Unnamed: 0,Total Player
0,576



## Purchasing Analysis (Total)

* Run basic calculations to obtain number of unique items, average price, etc.


* Create a summary data frame to hold the results


* Optional: give the displayed data cleaner formatting


* Display the summary data frame


In [4]:
number_of_unique=purchase['Item ID'].nunique()
#number_of_unique
average_price=round(purchase['Price'].mean(),2)
#average_price
total_rev=purchase['Price'].sum()
#total_rev
num_purchase=purchase['Purchase ID'].count()
#num_purchase

q2=pd.DataFrame({'number of unique value':[number_of_unique],'average price':[average_price],
                'number of purchase':[num_purchase],'total rev':[total_rev]})
q2

Unnamed: 0,number of unique value,average price,number of purchase,total rev
0,183,3.05,780,2379.77


## Gender Demographics

* Percentage and Count of Male Players


* Percentage and Count of Female Players


* Percentage and Count of Other / Non-Disclosed




In [5]:
#find total based on after duplication removal results
gender_total=purchase_nodup['Gender'].value_counts()
#round values
gender_per=round(gender_total/totalplayer*100,2)
#put results into dataframe
gender_percentage_results=pd.DataFrame({"gender percentage":gender_per,"total counts":gender_total})
#format the gender percentage with "%"
gender_percentage_results["gender percentage"]=gender_percentage_results["gender percentage"].apply("{:.2f}%".format)
#print results 
gender_percentage_results

Unnamed: 0,gender percentage,total counts
Male,84.03%,484
Female,14.06%,81
Other / Non-Disclosed,1.91%,11



## Purchasing Analysis (Gender)

* Run basic calculations to obtain purchase count, avg. purchase price, avg. purchase total per person etc. by gender




* Create a summary data frame to hold the results


* Optional: give the displayed data cleaner formatting


* Display the summary data frame

In [6]:
# Purchase Count
gendercount =purchase.groupby("Gender")["Item ID"].count().to_frame(" Purchase Count")

# Total Rev by gender
genderT= purchase.groupby("Gender")["Price"].sum().to_frame("Total Rev amount")

Players = purchase.groupby("Gender")["SN"].count().to_frame("Count of players")

# merge players with total rev by gender
merge= genderT.merge(Players, left_index=True, right_index=True)
#add per person rev to the dataframe
merge["Per person rev"] = round(merge["Total Rev amount"]/merge["Count of players"],2)

merge

Unnamed: 0_level_0,Total Rev amount,Count of players,Per person rev
Gender,Unnamed: 1_level_1,Unnamed: 2_level_1,Unnamed: 3_level_1
Female,361.94,113,3.2
Male,1967.64,652,3.02
Other / Non-Disclosed,50.19,15,3.35


## Age Demographics

* Establish bins for ages


* Categorize the existing players using the age bins.

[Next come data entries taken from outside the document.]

definition V1 :: "nat \<Rightarrow> nat set" where "V1 r = {1..r+2}"
definition V2 :: "nat \<Rightarrow> nat set" where "V2 r = {r+3..2*r+4}"
definition twins1 :: "nat \<Rightarrow> nat set" where "twins1 r = {r+1, r+2}"
definition twins2 :: "nat \<Rightarrow> nat set" where "twins2 r = {2*r+3, 2*r+4}"

lemma H_V_eq: "H_V r = V1 r \<union> V2 r"
  by (auto simp: H_V_def V1_def V2_def)

lemma finite_H_V [simp]: "finite (H_V r)"
  by (simp add: H_V_def)

lemma card_V1 [simp]: "card (V1 r) = r + 2" and card_V2 [simp]: "card (V2 r) = r + 2"
  by (simp_all add: V1_def V2_def)

lemma V1_V2_disjoint: "V1 r \<inter> V2 r = {}"
  by (auto simp: V1_def V2_def)

lemma V1_twins2_disjoint: "V1 r \<inter> twins2 r = {}"
  and V2_twins1_disjoint: "V2 r \<inter> twins1 r = {}"
  by (auto simp: V1_def V2_def twins1_def twins2_def)

lemma card_split_V1_V2:
  assumes "X \<subseteq> H_V r"
  shows "card X = card (X \<inter> V1 r) + card (X \<inter> V2 r)"
proof -
  have "finite X" using finite_subset[OF assms finite_H_V] .
  have "X = (X \<inter> V1 r) \<union> (X \<inter> V2 r)" using assms H_V_eq by blast
  also have "card \<dots> = card (X \<inter> V1 r) + card (X \<inter> V2 r)"
    using \<open>finite X\<close> V1_V2_disjoint by (intro card_Un_disjoint) auto
  finally show ?thesis .
qed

Hint: use pd.cut()


* Calculate the numbers and percentages by age group


* Create a summary data frame to hold the results


* Optional: round the percentage column to two decimal points


* Display Age Demographics Table


In [14]:
# create a range to use as bins of age groups of 4
# add 4 to max to ensure we get highest age bracket/bin
ageBins = np.arange(purchase.Age.min(),purchase["Age"].max()+4,4)

binLength = len(str(ageBins.max()))
mask = binLength * "0"
#empety list to append
L = []
#loop through agebin list with low as lower range high as higher range

for i in range(len(ageBins)-1):
    low = str(ageBins[i])
    high = str(ageBins[i+1]-1)
    L.append(low + " - " + high)
  #age bin range column and age bin label   

purchase["AgeBin"] = pd.cut(purchase["Age"],ageBins, right=False, include_lowest=True)
purchase["AgeBinLabel"] = pd.cut(purchase["Age"],ageBins, right=False, include_lowest=True, labels=L)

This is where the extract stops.